Just how badly do you want this? What’s holding you back? People present all kinds of excuses for why they shouldn’t start a home-based business. Fear is the most common. Fear of failure, fear of financial insecurity, fear of responsibility, and fear of change are the most frequently stated. Let’s look at these for a moment and see if they apply to you.

Fear of Failure: Most of us fear failure. It’s natural. Who wants to fail at anything? Besides, if you don’t try, you can’t fail, and you will not have to deal with those negative emotions. Successful entrepreneurs see failure as an opportunity. They believe that there is no such thing as failure, only lessons. You need to be able to learn from your past failures, or as I call them, “tries.” I consider it this way: “I tried it; it didn’t work, so I’ll try something else.” I give failure no power. One of our favorite clichés is, “I would rather regret something I did over something I didn’t do.”

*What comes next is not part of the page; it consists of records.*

lemma image_Un_pair_even_subsets:
  assumes "finite X" "w \<in> X" "z \<in> X" "w \<noteq> z"
  shows "(\<lambda>T. T \<union> {w, z}) ` even_subsets (X - {w, z}) =
           {C \<in> even_subsets X. w \<in> C \<and> z \<in> C}"
proof -
  have card: "card (T \<union> {w, z}) = card T + 2" if "T \<subseteq> X - {w, z}" for T
  proof -
    have "finite T" "w \<notin> T" "z \<notin> T"
      using that assms(1) finite_subset by auto
    then show ?thesis using assms(4) by simp
  qed
  show ?thesis
  proof (intro equalityI subsetI)
    fix C assume "C \<in> (\<lambda>T. T \<union> {w, z}) ` even_subsets (X - {w, z})"
    then obtain T where "T \<subseteq> X - {w, z}" "even (card T)" "C = T \<union> {w, z}"
      unfolding even_subsets_def by blast
    then show "C \<in> {C \<in> even_subsets X. w \<in> C \<and> z \<in> C}"
      using card assms(2,3) unfolding even_subsets_def by auto
  next
    fix C assume C: "C \<in> {C \<in> even_subsets X. w \<in> C \<and> z \<in> C}"
    define T where "T = C - {w, z}"
    have T: "T \<subseteq> X - {w, z}" "C = T \<union> {w, z}"
      using C unfolding T_def even_subsets_def by auto
    then have "card C = card T + 2" using card by simp
    then have "T \<in> even_subsets (X - {w, z})"
      using C T(1) unfolding even_subsets_def by simp
    then show "C \<in> (\<lambda>T. T \<union> {w, z}) ` even_subsets (X - {w, z})"
      using T(2) by blast
  qed
qed

lemma even_subsets_containing_split:
  assumes "finite X" "w \<in> X" "z \<in> X" "w \<noteq> z"
  shows "even_subsets_containing X z =
           even_subsets_containing (X - {w}) z \<union> (\<lambda>T. T \<union> {w, z}) ` even_subsets (X - {w, z})"
    and "disjnt (even_subsets_containing (X - {w}) z)
           ((\<lambda>T. T \<union> {w, z}) ` even_subsets (X - {w, z}))"
  unfolding image_Un_pair_even_subsets[OF assms]
  by (auto simp: even_subsets_containing_def even_subsets_def disjnt_def)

You should learn valuable lessons from each of your mistakes. What did you do wrong that could be corrected next time? Never dwell on your mistakes. Solve the problem and plan a new course of action.

You can also prevent the risk of failure by being aware of why most home-based or small businesses fail and then guard against these things. The following are several reasons many businesses fail:

1. Lack of enthusiasm, motivation, dedication and drive
2. Lack of self-confidence
3. Lack of knowledge and expertise
4. Lack of management skills necessary to run a successful business
5. Lack of providing clients with quality and professional services
6. Lack of a professional attitude
7. Lack of a market for services

Remember that success takes time. Very few businesses are overnight successes. It takes work, rethinking of ideas and carrying out your plans. Think of success as a marathon, not a sprint.

Fear of Financial Insecurity: This is a valid concern for those leaving the security of a full-time job with a regular paycheck every week. There is no guarantee that every week you will make a certain amount of money. However, you can take steps that will enable you to make it through the slow times until your business is up and running. Don’t let your paycheck addiction seriously interfere with your dream of entrepreneurship. Keep in mind that you could be downsized, fired, laid off, let go, given the pink slip (you get my point) tomorrow, so take control of your future now!

Have two or three months of money in reserve to help you through the first few months. This alleviates the stress of having to make money NOW! Many start this business on a part-time basis and continue working their full-time jobs to keep money coming in and to build their client base.

However, lack of savings shouldn’t stop you from starting a business. After being in business for 20 years and seeing so many businesses succeed, I know many who have made it without this extra money.

Fear of Responsibility: Many are frightened by the role of sole responsibility. They like the option of going to someone else when a crisis hits and having that person solve the problem. With everything falling on their shoulders, they fear they can’t handle the stress. Advance planning is the key here. When you start your business, have a good back-up plan in effect. Then when a crisis hits, you immediately know what to do. After the first few crisis situations, you learn to remain calm and solve problems with little effort.